Right now, working for orientation is fundamentally inaccessible for students who do not have the required financial means. Paying students for their work would allow students who previously couldn’t have the opportunity to give back to the school. Right now, Orientation Leaders do not fully represent the diversity of the campus. As the first point of contact for many new students, orientation should strive to be a place for students of every background. By not paying OLs, the position is limited to those who can afford to travel early on their own dime, and can afford to take weeks off from whatever other job they have to work beyond full time for the school. 

 

Additionally, Orientation Leaders perform a service for the university. Older students show new ones how to navigate the different resources on campus, from where to get food to where they should go to report a serious problem. Without this role, the job of teaching all these new students about life on campus would fall to the two paid university employees who make up the Department of Orientation. Regardless of how you feel your orientation experience was, do you think it would be better if there were two massive groups of 450 students who sat in Levin Ballroom and listened to people talk at them for hours at a time? That is the alternative if no students were to be OLs.
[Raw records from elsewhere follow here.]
lemma woodbury_marg_prec:
  fixes A :: "complex^'t::finite^'t" and H :: "complex^'t^'r::finite"
  assumes A: "herm_pd A" and s: "s > 0"
  shows "(mat 1 + (1/s) *\<^sub>R (H ** matrix_inv A ** cadj H)) ** (s *\<^sub>R marg_prec A H s) = mat 1"
proof -
  let ?B = "post_prec A H s" let ?Bi = "matrix_inv (post_prec A H s)"
  have B: "herm_pd ?B" by (rule herm_pd_post_prec[OF A s])
  note Bi = invertible_matrix_inv[OF herm_pd_invertible[OF B]]
  note Ai = invertible_matrix_inv[OF herm_pd_invertible[OF A]]
  have sK: "s *\<^sub>R marg_prec A H s = mat 1 - (1/s) *\<^sub>R (H ** ?Bi ** cadj H)"
    using s by (simp add: marg_prec_def)
  have "((mat 1 + (1/s) *\<^sub>R (H ** matrix_inv A ** cadj H)) ** (mat 1 - (1/s) *\<^sub>R (H ** ?Bi ** cadj H))) *v v = v" for v
  proof -
    define p where "p = ?Bi *v (cadj H *v v)"
    define w where "w = v - (1/s) *\<^sub>R (H *v p)"
    have "?B *v p = cadj H *v v"
      by (simp add: p_def matrix_vector_mul_assoc matrix_mul_assoc Bi)
    then have "cadj H *v w = A *v p"
      by (simp add: w_def post_prec_def matrix_vector_mult_add_rdistrib matrix_vector_mult_diff_distrib
          scaleR_matrix_vector_mult matrix_vector_mult_scaleR matrix_vector_mul_assoc algebra_simps)
    then have "matrix_inv A *v (cadj H *v w) = p" by (simp add: matrix_vector_mul_assoc Ai)
    then have "(mat 1 + (1/s) *\<^sub>R (H ** matrix_inv A ** cadj H)) *v w = v"
      by (simp add: w_def matrix_vector_mult_add_rdistrib scaleR_matrix_vector_mult matrix_vector_mul_assoc[symmetric])
    moreover have "(mat 1 - (1/s) *\<^sub>R (H ** ?Bi ** cadj H)) *v v = w"
      by (simp add: w_def p_def matrix_vector_mult_diff_rdistrib scaleR_matrix_vector_mult matrix_vector_mul_assoc[symmetric])
    ultimately show ?thesis by (simp add: matrix_vector_mul_assoc[symmetric])
  qed
  then show ?thesis unfolding sK by (simp add: matrix_eq)
qed

lemma nn_integral_gaussian_likelihood:
  fixes A :: "complex^'t::finite^'t" and H :: "complex^'t^'r::finite"
  assumes A: "herm_pd A" and s: "s > 0"
  shows "(\<integral>\<^sup>+x. ennreal (exp (- (Re (qform A x) + (norm (y - H *v x))\<^sup>2 / s))) \<partial>lborel)
       = ennreal (exp (- Re (qform (marg_prec A H s) y)) * (pi ^ CARD('t) / Re (det (post_prec A H s))))"
proof -
  let ?B = "post_prec A H s" and ?K = "marg_prec A H s"
  have B: "herm_pd ?B" by (rule herm_pd_post_prec[OF A s])
  have "(\<integral>\<^sup>+x. ennreal (exp (- (Re (qform A x) + (norm (y - H *v x))\<^sup>2 / s))) \<partial>lborel)
      = (\<integral>\<^sup>+x. ennreal (exp (- Re (qform ?K y))) * ennreal (exp (- Re (qform ?B (x - post_mean A H s y)))) \<partial>lborel)"
    using arg_cong[OF complete_square[OF A s, of _ y H], of Re]
    by (intro nn_integral_cong) (simp add: ennreal_mult'[symmetric] exp_add[symmetric] algebra_simps)
  also have "\<dots> = ennreal (exp (- Re (qform ?K y))) * ennreal (pi ^ CARD('t) / Re (det ?B))"
    by (simp add: nn_integral_cmult nn_integral_gaussian_herm_pd_shift[OF B])
  also have "\<dots> = ennreal (exp (- Re (qform ?K y)) * (pi ^ CARD('t) / Re (det ?B)))"
    using herm_pd_det_pos[OF B] by (subst ennreal_mult) auto
  finally show ?thesis .
qed

text \<open>Fubini for exp (- (x^* A x + |y - H x|^2 / s)): integrate in x first, or in y first.\<close>

lemma det_post_prec_mult_det_marg_prec:
  fixes A :: "complex^'t::finite^'t" and H :: "complex^'t^'r::finite"
  assumes A: "herm_pd A" and s: "s > 0"
  shows "Re (det (post_prec A H s)) * Re (det (marg_prec A H s)) = Re (det A) / s ^ CARD('r)"
proof -
  let ?B = "post_prec A H s" and ?K = "marg_prec A H s"
  define f where "f x y = ennreal (exp (- (Re (qform A x) + (norm (y - H *v x))\<^sup>2 / s)))" for x y
  have B: "herm_pd ?B" by (rule herm_pd_post_prec[OF A s])
  have K: "herm_pd ?K" by (rule herm_pd_marg_prec[OF A s])
  have sI: "herm_pd ((1/s) *\<^sub>R (mat 1 :: complex^'r^'r))"
    using s by (simp add: herm_pd_scaleR herm_pd_mat1)
  note dets = herm_pd_det_pos[OF A] herm_pd_det_pos[OF B] herm_pd_det_pos[OF K]
  have "(\<integral>\<^sup>+y. (\<integral>\<^sup>+x. f x y \<partial>lborel) \<partial>lborel)
      = (\<integral>\<^sup>+y. ennreal (pi ^ CARD('t) / Re (det ?B)) * ennreal (exp (- Re (qform ?K y))) \<partial>lborel)"
    unfolding f_def nn_integral_gaussian_likelihood[OF A s]
    using dets by (intro nn_integral_cong) (simp add: ennreal_mult'[symmetric] mult.commute)
  also have "\<dots> = ennreal (pi ^ CARD('t) / Re (det ?B)) * ennreal (pi ^ CARD('r) / Re (det ?K))"
    by (simp add: nn_integral_cmult nn_integral_gaussian_herm_pd[OF K])
  also have "\<dots> = ennreal (pi ^ CARD('t) / Re (det ?B) * (pi ^ CARD('r) / Re (det ?K)))"
    using dets by (subst ennreal_mult) auto
  finally have yx: "(\<integral>\<^sup>+y. (\<integral>\<^sup>+x. f x y \<partial>lborel) \<partial>lborel) = \<dots>" .
  have "(\<integral>\<^sup>+y. f x y \<partial>lborel)
      = ennreal (exp (- Re (qform A x))) * (\<integral>\<^sup>+y. ennreal (exp (- Re (qform ((1/s) *\<^sub>R mat 1) (y - H *v x)))) \<partial>lborel)"
    for x
    unfolding f_def
    by (subst nn_integral_cmult[symmetric], measurable)
      (intro nn_integral_cong, simp add: ennreal_mult'[symmetric] exp_add[symmetric] qform_scaleR qform_mat1 algebra_simps)
  also have "\<dots> x = ennreal (pi ^ CARD('r) * s ^ CARD('r)) * ennreal (exp (- Re (qform A x)))" for x
    using s by (simp add: nn_integral_gaussian_herm_pd_shift[OF sI] det_scaleR power_one_over mult.commute)
  finally have "(\<integral>\<^sup>+x. (\<integral>\<^sup>+y. f x y \<partial>lborel) \<partial>lborel)
      = ennreal (pi ^ CARD('r) * s ^ CARD('r)) * ennreal (pi ^ CARD('t) / Re (det A))"
    by (simp add: nn_integral_cmult nn_integral_gaussian_herm_pd[OF A])
  also have "\<dots> = ennreal (pi ^ CARD('r) * s ^ CARD('r) * (pi ^ CARD('t) / Re (det A)))"
    using dets s by (subst ennreal_mult) auto
  finally have xy: "(\<integral>\<^sup>+x. (\<integral>\<^sup>+y. f x y \<partial>lborel) \<partial>lborel) = \<dots>" .
  have "(\<integral>\<^sup>+y. (\<integral>\<^sup>+x. f x y \<partial>lborel) \<partial>lborel) = (\<integral>\<^sup>+x. (\<integral>\<^sup>+y. f x y \<partial>lborel) \<partial>lborel)"
    by (rule lborel_pair.Fubini') (simp add: f_def)
  then have "pi ^ CARD('t) / Re (det ?B) * (pi ^ CARD('r) / Re (det ?K))
      = pi ^ CARD('r) * s ^ CARD('r) * (pi ^ CARD('t) / Re (det A))"
    unfolding xy yx using dets s by (subst (asm) ennreal_inj) auto
  then show ?thesis using dets s by (simp add: field_simps)
qed

lemma det_I_plus_sandwich:
  fixes A :: "complex^'t::finite^'t" and H :: "complex^'t^'r::finite"
  assumes A: "herm_pd A" and s: "s > 0"
  shows "Re (det (mat 1 + (1/s) *\<^sub>R (H ** matrix_inv A ** cadj H))) = Re (det (post_prec A H s)) / Re (det A)"
proof -
  let ?D = "mat 1 + (1/s) *\<^sub>R (H ** matrix_inv A ** cadj H)" and ?K = "marg_prec A H s"
  have K: "herm_pd ?K" by (rule herm_pd_marg_prec[OF A s])
  have "det ?D * det (s *\<^sub>R ?K) = 1"
    using arg_cong[OF woodbury_marg_prec[OF A s, of H], of det] by (simp add: det_mul)
  moreover have "det (s *\<^sub>R ?K) = complex_of_real (s ^ CARD('r) * Re (det ?K))"
    by (subst det_scaleR, subst herm_pd_det_real[OF K]) simp
  ultimately have "Re (det ?D * complex_of_real (s ^ CARD('r) * Re (det ?K))) = 1"
    by simp
  then have D_inv: "Re (det ?D) * (s ^ CARD('r) * Re (det ?K)) = 1"
    by simp
  have "Re (det A) * Re (det ?D) = Re (det (post_prec A H s)) * (Re (det ?D) * (s ^ CARD('r) * Re (det ?K)))"
    using det_post_prec_mult_det_marg_prec[OF A s, of H] s by (simp add: field_simps)
  then have "Re (det A) * Re (det ?D) = Re (det (post_prec A H s))"
    by (simp only: D_inv mult_1_right)
  then show ?thesis
    using herm_pd_det_pos[OF A] by (simp add: field_simps)
qed

lemma det_I_plus_sandwich_ge_1:
  fixes A :: "complex^'t::finite^'t" and H :: "complex^'t^'r::finite"
  assumes A: "herm_pd A" and s: "s > 0"
  shows "Re (det (mat 1 + (1/s) *\<^sub>R (H ** matrix_inv A ** cadj H))) \<ge> 1"
proof -
  let ?B = "post_prec A H s"
  have B: "herm_pd ?B" by (rule herm_pd_post_prec[OF A s])
  have "(\<integral>\<^sup>+x. ennreal (exp (- Re (qform ?B x))) \<partial>lborel) \<le> (\<integral>\<^sup>+x. ennreal (exp (- Re (qform A x))) \<partial>lborel)"
    using s by (intro nn_integral_mono) (simp add: qform_post_prec)
  then have "pi ^ CARD('t) / Re (det ?B) \<le> pi ^ CARD('t) / Re (det A)"
    using herm_pd_det_pos[OF A]
    by (simp add: nn_integral_gaussian_herm_pd[OF A] nn_integral_gaussian_herm_pd[OF B] ennreal_le_iff)
  then have "Re (det A) \<le> Re (det ?B)"
    using herm_pd_det_pos[OF A] herm_pd_det_pos[OF B] by (simp add: field_simps)
  then show ?thesis
    using herm_pd_det_pos[OF A] by (simp add: det_I_plus_sandwich[OF A s])
qed

section \<open>The exponent E_0\<close>

lemma E0_integrand_columns:
  fixes Q :: "complex^'t::finite^'t" and H :: "complex^'t^'r::finite"
    and X :: "complex^'c::finite^'t" and Y :: "complex^'c^'r"
  assumes N0: "N0 > 0" and \<rho>: "0 \<le> \<rho>"
  shows "pX Q X * exp (r * (Re (trace (X ** cadj X)) - real CARD('c) * P)) * pYXH N0 Y X H powr (1 / (1 + \<rho>))
    = (pi powr (- real (CARD('t) * CARD('c))) * Re (det Q) powr (- real CARD('c)) * exp (- r * real CARD('c) * P)
        * ((pi * N0) powr (- real (CARD('r) * CARD('c)))) powr (1 / (1 + \<rho>)))
      * (\<Prod>j\<in>UNIV. exp (- (Re (qform (matrix_inv Q - r *\<^sub>R mat 1) (column j X))
                          + (norm (column j Y - H *v column j X))\<^sup>2 / (N0 * (1 + \<rho>)))))"
proof -
  define c where "c = (pi * N0) powr (- real (CARD('r) * CARD('c)))"
  define e\<^sub>X where "e\<^sub>X = (\<Sum>j\<in>UNIV. Re (qform (matrix_inv Q) (column j X)))"
  define e\<^sub>r where "e\<^sub>r = (\<Sum>j\<in>UNIV. (norm (column j X))\<^sup>2)"
  define e\<^sub>Y where "e\<^sub>Y = (\<Sum>j\<in>UNIV. (norm (column j Y - H *v column j X))\<^sup>2)"
  have "pX Q X = pi powr (- real (CARD('t) * CARD('c))) * Re (det Q) powr (- real CARD('c)) * exp (- e\<^sub>X)"
    by (simp add: pX_def e\<^sub>X_def trace_uminus trace_qform_columns)
  moreover have "Re (trace (X ** cadj X)) = e\<^sub>r"
    by (simp add: e\<^sub>r_def trace_norm_columns)
  moreover have "pYXH N0 Y X H powr (1 / (1 + \<rho>)) = c powr (1 / (1 + \<rho>)) * exp (- e\<^sub>Y / (N0 * (1 + \<rho>)))"
    using N0 \<rho>
    by (simp add: pYXH_def c_def e\<^sub>Y_def trace_uminus trace_scaleR trace_norm_columns column_diff
        column_matrix_mult powr_mult exp_powr_real)
  moreover have "- e\<^sub>X + r * e\<^sub>r - e\<^sub>Y / (N0 * (1 + \<rho>))
      = - (\<Sum>j\<in>UNIV. Re (qform (matrix_inv Q - r *\<^sub>R mat 1) (column j X))
                    + (norm (column j Y - H *v column j X))\<^sup>2 / (N0 * (1 + \<rho>)))"
    by (simp add: e\<^sub>X_def e\<^sub>r_def e\<^sub>Y_def qform_diff qform_scaleR qform_mat1 sum.distrib sum_subtractf
        sum_distrib_left sum_divide_distrib)
  ultimately show ?thesis
    by (simp add: c_def exp_add[symmetric] exp_sum[symmetric] sum_negf[symmetric] algebra_simps)
qed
Community Advisors on campus also do important work for the university, and although they are also likely not paid enough, they still are compensated via their housing. OLs do important work too, and that work being shorter term is not a good enough reason to not properly compensate students for their work.

 

Not only do students deserve to be paid fairly for their work, but making the OL position a consistently and equitably paid one would allow orientation to become even more than it already is. Because it is mostly a volunteer position, the work is pretty much over by the time classes start, but we all know that right at the beginning of the semester is one of the most vulnerable times as a first-year student. Paying OLs would allow the support networks for our first-year students to be bigger and more helpful than they have ever been.

 

Not every student has a great orientation experience, and those students might be skeptical about why paying OLs would have any positive impact on the campus. In response, I would hope that paying OLs might incentivize some of those students to bring their problems, suggestions and new ideas to orientation, to make it a better experience for all first-year students. Students are the university’s best resource, and investing in a handful of them to better integrate a quarter of the undergraduate population into life at Brandeis would only positively impact us all.